(* Let $v,z$ be independent $\mathcal{CN}(0,1)$ random variables, let $V>\frac{1}{\sqrt2}$, and define $u=\min(|v|,V)\,\frac{v}{|v|}$. Let $\rho\in\mathbb{C}$ with $|\rho|\in(0,1]$ and $\bar\rho=\sqrt{1-|\rho|^2}$. Then for every $a>0$, $$\mathbb{P}\big(|\rho u+\bar\rho z|>a\big)\ge \mathbb{P}\big(|v|>a\big)-2Ve^{-V^2}.$$
   Context: $\mathcal{CN}(0,1)$ denotes the circularly-symmetric complex Gaussian distribution with zero mean and unit variance. *)

theory Defs
  imports "HOL-Probability.Probability"
begin

definition cgauss_density :: "complex \<Rightarrow> real" where
  "cgauss_density z = exp (- (cmod z)\<^sup>2) / pi"

definition (in prob_space) std_complex_gaussian :: "('a \<Rightarrow> complex) \<Rightarrow> bool" where
  "std_complex_gaussian X \<longleftrightarrow> distributed M lborel X (\<lambda>x. ennreal (cgauss_density x))"

end

(* For independent CN(0,1) variables v, z and |alpha|^2 + |beta|^2 = 1, the modulus of
   alpha v + beta z has the same tail as |v|, namely P(|.| > a) = exp (-a^2). The clipped
   variable u agrees with v off the event |v| > V, of probability exp (-V^2), so a union
   bound gives the claim even with exp (-V^2) in place of 2 V exp (-V^2); the hypothesis
   V > 1/sqrt 2 only serves to compare the two. The Gaussian tails are computed by a
   layer-cake argument over annuli, and the tail of |v + gamma z| by completing the square
   in the convolution integral. *)

theory Submission
  imports Defs
begin

lemma nn_integral_lborel_translate:
  fixes f :: "'a::euclidean_space \<Rightarrow> ennreal"
  assumes [measurable]: "f \<in> borel_measurable borel"
  shows "(\<integral>\<^sup>+x. f (c + x) \<partial>lborel) = (\<integral>\<^sup>+x. f x \<partial>lborel)"
proof -
  have "(\<integral>\<^sup>+x. f (c + x) \<partial>lborel) = (\<integral>\<^sup>+x. f x \<partial>distr lborel borel ((+) c))"
    by (subst nn_integral_distr) auto
  also have "\<dots> = (\<integral>\<^sup>+x. f x \<partial>lborel)"
    by (simp add: lborel_distr_plus)
  finally show ?thesis .
qed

------------------------------------------------------------------------

# TASK REQUIREMENTS:
Repeat the material word for word, in full.

# RESPONSE BOX:
(* Let $v,z$ be independent $\mathcal{CN}(0,1)$ random variables, let $V>\frac{1}{\sqrt2}$, and define $u=\min(|v|,V)\,\frac{v}{|v|}$. Let $\rho\in\mathbb{C}$ with $|\rho|\in(0,1]$ and $\bar\rho=\sqrt{1-|\rho|^2}$. Then for every $a>0$, $$\mathbb{P}\big(|\rho u+\bar\rho z|>a\big)\ge \mathbb{P}\big(|v|>a\big)-2Ve^{-V^2}.$$
   Context: $\mathcal{CN}(0,1)$ denotes the circularly-symmetric complex Gaussian distribution with zero mean and unit variance. *)

theory Defs
  imports "HOL-Probability.Probability"
begin

definition cgauss_density :: "complex \<Rightarrow> real" where
  "cgauss_density z = exp (- (cmod z)\<^sup>2) / pi"

definition (in prob_space) std_complex_gaussian :: "('a \<Rightarrow> complex) \<Rightarrow> bool" where
  "std_complex_gaussian X \<longleftrightarrow> distributed M lborel X (\<lambda>x. ennreal (cgauss_density x))"

end

(* For independent CN(0,1) variables v, z and |alpha|^2 + |beta|^2 = 1, the modulus of
   alpha v + beta z has the same tail as |v|, namely P(|.| > a) = exp (-a^2). The clipped
   variable u agrees with v off the event |v| > V, of probability exp (-V^2), so a union
   bound gives the claim even with exp (-V^2) in place of 2 V exp (-V^2); the hypothesis
   V > 1/sqrt 2 only serves to compare the two. The Gaussian tails are computed by a
   layer-cake argument over annuli, and the tail of |v + gamma z| by completing the square
   in the convolution integral. *)

theory Submission
  imports Defs
begin

lemma nn_integral_lborel_translate:
  fixes f :: "'a::euclidean_space \<Rightarrow> ennreal"
  assumes [measurable]: "f \<in> borel_measurable borel"
  shows "(\<integral>\<^sup>+x. f (c + x) \<partial>lborel) = (\<integral>\<^sup>+x. f x \<partial>lborel)"
proof -
  have "(\<integral>\<^sup>+x. f (c + x) \<partial>lborel) = (\<integral>\<^sup>+x. f x \<partial>distr lborel borel ((+) c))"
    by (subst nn_integral_distr) auto
  also have "\<dots> = (\<integral>\<^sup>+x. f x \<partial>lborel)"
    by (simp add: lborel_distr_plus)
  finally show ?thesis .
qed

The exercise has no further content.